What are the latest regulatory developments affecting product labeling, ingredients, packaging and marketing in these industries?
There's a lot of attention right now on marketing language, especially around sustainability, "clean" ingredients and eco-friendly packaging. California regulators are pushing for much more substantiation behind these claims, and founders can't afford to treat this like a copywriting exercise anymore. I work closely with clients to pressure-test their messaging early, so they're not caught off guard later. It's also a deal issue: Acquirers don't want to inherit regulatory risk. If your claims aren't backed up, that's now a liability.
What do investors look for in a health, beauty or consumer goods company these days?
They want to see that a brand is ready – not just for scale, but for scrutiny. That means clear IP ownership, properly documented equity, clean contracts with co-mans and vendors, and financials that tell a coherent story. Great products and a loyal following matter, but the brands that get funded or acquired are the ones that don't trigger red flags in diligence. I help founders focus on that long before a term sheet is on the table.
What advice would you give to early-stage brands in navigating scale, especially while based in a competitive market like Southern California?

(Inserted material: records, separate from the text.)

(* Assume Assumptions B and C hold, let $w^{(t)}$ be generated by Algorithm 2 and $\eta^{(t)}=D\sqrt{\varepsilon}$ for some $D>0$. Then for all $i\in[n]$ and $0\le t<T$, $$\|\epsilon_i^{(t)}\|^2\le c\big(2+(V+\varepsilon^2+2)GD^2\big)^2\varepsilon^2.$$
   Context: Let $n,c,d$ be positive integers and $[n]=\{1,\dots,n\}$. For each $i\in[n]$ let $h(\cdot;i):\mathbb{R}^d\to\mathbb{R}^c$ (components $h_j(\cdot;i)$) and $\phi_i:\mathbb{R}^c\to\mathbb{R}$ differentiable. Norms: Euclidean for vectors, operator for matrices. Assumption B: each $h(\cdot;i)$ is twice continuously differentiable and there is $G>0$ with $\|\nabla_w^2 h_j(w;i)\|\le G$ for all $w,i,j$. Iteration setup: given $\varepsilon>0$, $\eta^{(t)}>0$, $\alpha_i^{(t)}>0$ and iterates $w^{(t)}$, let $H_i^{(t)}$ be the Jacobian of $h(\cdot;i)$ at $w^{(t)}$, $\Phi^{(t)}(v)=\frac{1}{2n}\sum_{i=1}^n\|\eta^{(t)}H_i^{(t)}v-\alpha_i^{(t)}\nabla\phi_i(h(w^{(t)};i))\|^2$, $\Psi^{(t)}(v)=\Phi^{(t)}(v)+\frac{\varepsilon^2}{2}\|v\|^2$, $v_{*\mathrm{reg}}^{(t)}$ its unique minimizer. Algorithm 2: $w^{(t+1)}=w^{(t)}-\eta^{(t)}v^{(t)}$ where $\|v^{(t)}-v_{*\mathrm{reg}}^{(t)}\|\le\varepsilon$, $t=0,\dots,T-1$. Assumption C (constant $V>0$): for each $0\le t<T$ there is $\hat v^{(t)}$ with $\|\hat v^{(t)}\|^2\le V$ and $\Phi^{(t)}(\hat v^{(t)})\le\varepsilon^2$. Error vector: $\epsilon_i^{(t)}=h(w^{(t+1)};i)-h(w^{(t)};i)+\eta^{(t)}H_i^{(t)}v^{(t)}\in\mathbb{R}^c$. *)

theory Defs
  imports "HOL-Analysis.Analysis"
begin

definition grad :: "(real^'c \<Rightarrow> real) \<Rightarrow> real^'c \<Rightarrow> real^'c" where
  "grad f x = (\<chi> k. frechet_derivative f (at x) (axis k 1))"

definition jac :: "(real^'d \<Rightarrow> real^'c) \<Rightarrow> real^'d \<Rightarrow> real^'d^'c" where
  "jac h w = matrix (frechet_derivative h (at w))"

text \<open>Assumption B for a single map: h is twice continuously differentiable and every
  component h_j has Hessian of operator norm at most G everywhere.\<close>
definition C2_hessian_bounded :: "(real^'d \<Rightarrow> real^'c) \<Rightarrow> real \<Rightarrow> bool" where
  "C2_hessian_bounded h G \<longleftrightarrow>
     (\<forall>j. \<exists>g :: real^'d \<Rightarrow> real^'d. \<exists>Hs :: real^'d \<Rightarrow> real^'d^'d.
        (\<forall>w. ((\<lambda>u. h u $ j) has_derivative (\<lambda>v. g w \<bullet> v)) (at w)) \<and>
        (\<forall>w. (g has_derivative (\<lambda>v. Hs w *v v)) (at w)) \<and>
        continuous_on UNIV Hs \<and>
        (\<forall>w. onorm (\<lambda>v. Hs w *v v) \<le> G))"

definition Phi :: "nat \<Rightarrow> (nat \<Rightarrow> real^'d \<Rightarrow> real^'c) \<Rightarrow> (nat \<Rightarrow> real^'c \<Rightarrow> real)
     \<Rightarrow> real \<Rightarrow> (nat \<Rightarrow> real) \<Rightarrow> real^'d \<Rightarrow> real^'d \<Rightarrow> real" where
  "Phi n h phi eta alpha w v =
     (1 / (2 * real n)) * (\<Sum>i\<in>{1..n}.
        (norm (eta *\<^sub>R (jac (h i) w *v v) - alpha i *\<^sub>R grad (phi i) (h i w)))\<^sup>2)"

definition Psi :: "nat \<Rightarrow> (nat \<Rightarrow> real^'d \<Rightarrow> real^'c) \<Rightarrow> (nat \<Rightarrow> real^'c \<Rightarrow> real)
     \<Rightarrow> real \<Rightarrow> (nat \<Rightarrow> real) \<Rightarrow> real^'d \<Rightarrow> real \<Rightarrow> real^'d \<Rightarrow> real" where
  "Psi n h phi eta alpha w \<epsilon> v = Phi n h phi eta alpha w v + \<epsilon>\<^sup>2 / 2 * (norm v)\<^sup>2"

end

theory Submission
  imports Defs
begin

text \<open>Each component of the linearization error is a second-order Taylor remainder along the
  segment from \<open>w\<close> to \<open>w + d\<close>, hence at most \<open>G/2 \<parallel>d\<parallel>\<^sup>2\<close>. The step is \<open>d = -\<eta> v\<close> with
  \<open>\<eta>\<^sup>2 = D\<^sup>2 \<epsilon>\<close>, so it remains to bound \<open>\<parallel>v\<parallel>\<close>: comparing the regularized objective at its
  minimizer with the point of Assumption C gives \<open>\<parallel>v\<^sub>r\<^sub>e\<^sub>g\<parallel>\<^sup>2 \<le> 2 + V\<close>, and inexactness adds
  at most \<open>\<epsilon>\<close>.\<close>

lemma second_order_taylor_bound:
  fixes f :: "'a::real_inner \<Rightarrow> real" and g :: "'a \<Rightarrow> 'a" and H :: "'a \<Rightarrow> 'a \<Rightarrow> 'a"
  assumes f_deriv: "\<And>x. (f has_derivative (\<lambda>v. g x \<bullet> v)) (at x)"
    and g_deriv: "\<And>x. (g has_derivative H x) (at x)"
    and H_bound: "\<And>x. onorm (H x) \<le> G"
  shows "\<bar>f (w + d) - f w - g w \<bullet> d\<bar> \<le> G / 2 * (norm d)\<^sup>2"
proof -
  define diff :: "nat \<Rightarrow> real \<Rightarrow> real" where
    "diff m = (if m = 0 then (\<lambda>s. f (w + s *\<^sub>R d))
               else if m = 1 then (\<lambda>s. g (w + s *\<^sub>R d) \<bullet> d)
               else (\<lambda>s. H (w + s *\<^sub>R d) d \<bullet> d))" for m
  have segment: "((\<lambda>s. w + s *\<^sub>R d) has_derivative (\<lambda>s. s *\<^sub>R d)) (at s)" for s
    by (auto intro!: derivative_eq_intros)
  have linear_H: "linear (H x)" for x
    using g_deriv[of x] by (simp add: has_derivative_linear)
  have "DERIV (diff 0) s :> diff 1 s" for s
    using has_derivative_compose[OF segment f_deriv]
    by (simp add: has_field_derivative_def diff_def mult_commute_abs)
  moreover have "DERIV (diff 1) s :> diff 2 s" for s
  proof -
    have "((\<lambda>s. g (w + s *\<^sub>R d) \<bullet> d) has_derivative (\<lambda>x. H (w + s *\<^sub>R d) (x *\<^sub>R d) \<bullet> d)) (at s)"
      using has_derivative_compose[OF segment g_deriv] by (rule has_derivative_inner_left)
    then show ?thesis
      by (simp add: has_field_derivative_def diff_def mult_commute_abs linear.scaleR[OF linear_H])
  qed
  ultimately have "\<forall>m t. m < 2 \<and> 0 \<le> t \<and> t \<le> 1 \<longrightarrow> DERIV (diff m) t :> diff (Suc m) t"
    by (metis One_nat_def less_2_cases numeral_2_eq_2)
  from Maclaurin[OF _ _ _ this, of "diff 0"]
  obtain t where "f (w + d) = (\<Sum>m<2. diff m 0 / fact m * 1 ^ m) + diff 2 t / fact 2 * 1 ^ 2"
    by (auto simp: diff_def)
  then have remainder: "f (w + d) - f w - g w \<bullet> d = H (w + t *\<^sub>R d) d \<bullet> d / 2"
    by (simp add: diff_def numeral_2_eq_2)
  have "\<bar>H (w + t *\<^sub>R d) d \<bullet> d\<bar> \<le> norm (H (w + t *\<^sub>R d) d) * norm d"
    by (rule Cauchy_Schwarz_ineq2)
  also have "\<dots> \<le> (onorm (H (w + t *\<^sub>R d)) * norm d) * norm d"
    using g_deriv has_derivative_bounded_linear by (intro mult_right_mono onorm) auto
  also have "\<dots> \<le> (G * norm d) * norm d"
    by (intro mult_right_mono H_bound) auto
  finally show ?thesis
    unfolding remainder by (simp add: power2_eq_square)
qed

lemma C2_hessian_boundedE:
  fixes h :: "real^'d \<Rightarrow> real^'c"
  assumes "C2_hessian_bounded h G"
  obtains g :: "'c \<Rightarrow> real^'d \<Rightarrow> real^'d" and Hs :: "'c \<Rightarrow> real^'d \<Rightarrow> real^'d^'d"
  where "\<And>j w. ((\<lambda>u. h u $ j) has_derivative (\<lambda>v. g j w \<bullet> v)) (at w)"
    and "\<And>j w. (g j has_derivative (\<lambda>v. Hs j w *v v)) (at w)"
    and "\<And>j w. onorm (\<lambda>v. Hs j w *v v) \<le> G"
proof -
  from assms have "\<forall>j. \<exists>g Hs. (\<forall>w. ((\<lambda>u. h u $ j) has_derivative (\<lambda>v. g w \<bullet> v)) (at w)) \<and>
      (\<forall>w. (g has_derivative (\<lambda>v. Hs w *v v)) (at w)) \<and> (\<forall>w. onorm (\<lambda>v. Hs w *v v) \<le> G)"
    unfolding C2_hessian_bounded_def by blast
  then obtain g where "\<forall>j. \<exists>Hs. (\<forall>w. ((\<lambda>u. h u $ j) has_derivative (\<lambda>v. g j w \<bullet> v)) (at w)) \<and>
      (\<forall>w. (g j has_derivative (\<lambda>v. Hs w *v v)) (at w)) \<and> (\<forall>w. onorm (\<lambda>v. Hs w *v v) \<le> G)"
    by (rule choice[THEN exE])
  then obtain Hs where "\<forall>j. (\<forall>w. ((\<lambda>u. h u $ j) has_derivative (\<lambda>v. g j w \<bullet> v)) (at w)) \<and>
      (\<forall>w. (g j has_derivative (\<lambda>v. Hs j w *v v)) (at w)) \<and> (\<forall>w. onorm (\<lambda>v. Hs j w *v v) \<le> G)"
    by (rule choice[THEN exE])
  with that show ?thesis by blast
qed

lemma jac_mult_vector_componentwise:
  fixes h :: "real^'d \<Rightarrow> real^'c"
  assumes "\<And>j. ((\<lambda>u. h u $ j) has_derivative (\<lambda>v. g j \<bullet> v)) (at w)"
  shows "jac h w *v d = (\<chi> j. g j \<bullet> d)"
proof -
  define F where "F = (\<lambda>v. \<chi> j. g j \<bullet> v)"
  have h_deriv: "(h has_derivative F) (at w)"
  proof (rule has_derivative_componentwise_within[THEN iffD2], intro ballI)
    fix b :: "real^'c" assume "b \<in> Basis"
    then obtain j where "b = axis j 1" by (auto simp: Basis_vec_def)
    then show "((\<lambda>x. h x \<bullet> b) has_derivative (\<lambda>x. F x \<bullet> b)) (at w)"
      using assms[of j] by (simp add: F_def inner_axis)
  qed
  then have "bounded_linear F" by (rule has_derivative_bounded_linear)
  then show ?thesis
    unfolding jac_def frechet_derivative_at[OF h_deriv, symmetric]
    using fun_cong[OF matrix_vector_mul(3), of F d] by (simp add: F_def)
qed

lemma norm_le_card_mult_component_bound:
  fixes x :: "real^'c"
  assumes "\<And>j. \<bar>x $ j\<bar> \<le> B"
  shows "(norm x)\<^sup>2 \<le> real CARD('c) * B\<^sup>2"
proof -
  have "(norm x)\<^sup>2 = (\<Sum>j\<in>UNIV. (x $ j)\<^sup>2)"
    unfolding power2_norm_eq_inner by (simp add: inner_vec_def power2_eq_square)
  also have "\<dots> \<le> (\<Sum>j\<in>(UNIV::'c set). B\<^sup>2)"
    using assms by (intro sum_mono) (metis abs_ge_zero power2_abs power_mono)
  finally show ?thesis by simp
qed

lemma linearization_error_bound:
  fixes h :: "real^'d \<Rightarrow> real^'c"
  assumes "C2_hessian_bounded h G"
  shows "(norm (h (w + d) - h w - jac h w *v d))\<^sup>2 \<le> real CARD('c) * (G / 2 * (norm d)\<^sup>2)\<^sup>2"
proof -
  obtain g Hs where
    g: "\<And>j w. ((\<lambda>u. h u $ j) has_derivative (\<lambda>v. g j w \<bullet> v)) (at w)" and
    Hs: "\<And>j w. (g j has_derivative (\<lambda>v. Hs j w *v v)) (at w)"
        "\<And>j w. onorm (\<lambda>v. Hs j w *v v) \<le> G"
    using C2_hessian_boundedE[OF assms] by blast
  show ?thesis
  proof (rule norm_le_card_mult_component_bound)
    fix j
    show "\<bar>(h (w + d) - h w - jac h w *v d) $ j\<bar> \<le> G / 2 * (norm d)\<^sup>2"
      using second_order_taylor_bound[OF g[of j] Hs(1)[of j] Hs(2)[of j], of w d]
      by (simp add: jac_mult_vector_componentwise[OF g])
  qed
qed

lemma Phi_nonneg: "0 \<le> Phi n h phi eta alpha w v"
  unfolding Phi_def by (intro mult_nonneg_nonneg sum_nonneg) auto

lemma Psi_minimizer_norm_bound:
  assumes eps_pos: "\<epsilon> > 0"
    and minimal: "Psi n h phi eta alpha w \<epsilon> vreg \<le> Psi n h phi eta alpha w \<epsilon> vh"
    and vh_norm: "(norm vh)\<^sup>2 \<le> V"
    and vh_Phi: "Phi n h phi eta alpha w vh \<le> \<epsilon>\<^sup>2"
  shows "(norm vreg)\<^sup>2 \<le> 2 + V"
proof -
  have "\<epsilon>\<^sup>2 / 2 * (norm vreg)\<^sup>2 \<le> Psi n h phi eta alpha w \<epsilon> vreg"
    unfolding Psi_def using Phi_nonneg by simp
  also have "\<dots> \<le> Psi n h phi eta alpha w \<epsilon> vh"
    by (fact minimal)
  also have "\<dots> \<le> \<epsilon>\<^sup>2 + \<epsilon>\<^sup>2 / 2 * V"
    unfolding Psi_def using vh_norm vh_Phi by (intro add_mono mult_left_mono) auto
  also have "\<dots> = \<epsilon>\<^sup>2 / 2 * (2 + V)"
    by (simp add: algebra_simps)
  finally show ?thesis
    using eps_pos by simp
qed

lemma norm_sq_le_of_dist_le:
  fixes v u :: "'a::real_normed_vector"
  assumes "norm (v - u) \<le> e"
  shows "(norm v)\<^sup>2 \<le> 2 * (norm u)\<^sup>2 + 2 * e\<^sup>2"
proof -
  have "norm v \<le> norm u + e"
    using assms norm_triangle_sub[of v u] by simp
  then have "(norm v)\<^sup>2 \<le> (norm u + e)\<^sup>2"
    by (intro power_mono) auto
  also have "\<dots> \<le> 2 * (norm u)\<^sup>2 + 2 * e\<^sup>2"
    by (simp add: power2_sum) (smt (verit) sum_squares_bound)
  finally show ?thesis .
qed

theorem mainTheorem15:
  fixes n :: nat and T :: nat
    and h :: "nat \<Rightarrow> real^'d \<Rightarrow> real^'c"
    and phi :: "nat \<Rightarrow> real^'c \<Rightarrow> real"
    and G V D \<epsilon> :: real
    and eta :: "nat \<Rightarrow> real" and alpha :: "nat \<Rightarrow> nat \<Rightarrow> real"
    and w v vreg :: "nat \<Rightarrow> real^'d"
  assumes n_pos: "n > 0"
    and phi_diff: "\<forall>i\<in>{1..n}. \<forall>x. phi i differentiable (at x)"
    and G_pos: "G > 0"
    and assmB: "\<forall>i\<in>{1..n}. C2_hessian_bounded (h i) G"
    and eps_pos: "\<epsilon> > 0"
    and D_pos: "D > 0"
    and eta_def: "\<forall>t<T. eta t = D * sqrt \<epsilon>"
    and alpha_pos: "\<forall>t<T. \<forall>i\<in>{1..n}. alpha i t > 0"
    and vreg_min: "\<forall>t<T. \<forall>u. Psi n h phi (eta t) (\<lambda>i. alpha i t) (w t) \<epsilon> (vreg t)
                                 \<le> Psi n h phi (eta t) (\<lambda>i. alpha i t) (w t) \<epsilon> u"
    and alg_step: "\<forall>t<T. w (Suc t) = w t - eta t *\<^sub>R v t"
    and alg_inexact: "\<forall>t<T. norm (v t - vreg t) \<le> \<epsilon>"
    and V_pos: "V > 0"
    and assmC: "\<forall>t<T. \<exists>vh. (norm vh)\<^sup>2 \<le> V \<and>
                          Phi n h phi (eta t) (\<lambda>i. alpha i t) (w t) vh \<le> \<epsilon>\<^sup>2"
  shows "\<forall>i\<in>{1..n}. \<forall>t<T.
           (norm (h i (w (Suc t)) - h i (w t) + eta t *\<^sub>R (jac (h i) (w t) *v v t)))\<^sup>2
             \<le> real CARD('c) * (2 + (V + \<epsilon>\<^sup>2 + 2) * G * D\<^sup>2)\<^sup>2 * \<epsilon>\<^sup>2"
proof (intro ballI allI impI)
  fix i t assume i: "i \<in> {1..n}" and t: "t < T"
  obtain vh where "(norm vh)\<^sup>2 \<le> V" "Phi n h phi (eta t) (\<lambda>i. alpha i t) (w t) vh \<le> \<epsilon>\<^sup>2"
    using assmC t by blast
  then have "(norm (vreg t))\<^sup>2 \<le> 2 + V"
    using Psi_minimizer_norm_bound eps_pos vreg_min t by blast
  then have v_norm: "(norm (v t))\<^sup>2 \<le> 2 * (V + \<epsilon>\<^sup>2 + 2)"
    using norm_sq_le_of_dist_le[of "v t" "vreg t" \<epsilon>] alg_inexact t by simp
  define d where "d = (- eta t) *\<^sub>R v t"
  have step_error: "h i (w (Suc t)) - h i (w t) + eta t *\<^sub>R (jac (h i) (w t) *v v t)
      = h i (w t + d) - h i (w t) - jac (h i) (w t) *v d"
    using alg_step t unfolding d_def matrix_vector_mult_scaleR by simp
  have "G / 2 * (norm d)\<^sup>2 = G * D\<^sup>2 * \<epsilon> * ((norm (v t))\<^sup>2 / 2)"
    using eta_def t eps_pos by (simp add: d_def power_mult_distrib)
  also have "\<dots> \<le> G * D\<^sup>2 * \<epsilon> * (V + \<epsilon>\<^sup>2 + 2)"
    using v_norm G_pos eps_pos by (intro mult_left_mono) auto
  also have "\<dots> \<le> (2 + (V + \<epsilon>\<^sup>2 + 2) * G * D\<^sup>2) * \<epsilon>"
    using eps_pos by (simp add: algebra_simps)
  finally have "(G / 2 * (norm d)\<^sup>2)\<^sup>2 \<le> ((2 + (V + \<epsilon>\<^sup>2 + 2) * G * D\<^sup>2) * \<epsilon>)\<^sup>2"
    using G_pos by (intro power_mono) auto
  then have "real CARD('c) * (G / 2 * (norm d)\<^sup>2)\<^sup>2
      \<le> real CARD('c) * (2 + (V + \<epsilon>\<^sup>2 + 2) * G * D\<^sup>2)\<^sup>2 * \<epsilon>\<^sup>2"
    by (simp add: mult_left_mono power_mult_distrib)
  with linearization_error_bound[OF assmB[rule_format, OF i], of "w t" d]
  show "(norm (h i (w (Suc t)) - h i (w t) + eta t *\<^sub>R (jac (h i) (w t) *v v t)))\<^sup>2
      \<le> real CARD('c) * (2 + (V + \<epsilon>\<^sup>2 + 2) * G * D\<^sup>2)\<^sup>2 * \<epsilon>\<^sup>2"
    unfolding step_error by linarith
qed

end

Professionalize early. The SoCal brand ecosystem is incredibly creative, but creativity alone isn't enough to scale. I tell founders: Treat your IP like it matters, paper your equity properly, and negotiate contracts that reflect where you're going – not just where you are now. The strongest brands I work with build legal infrastructure as a way to stay agile and deal-ready. That doesn't mean over-lawyering – it means being intentional so that growth doesn't create risk.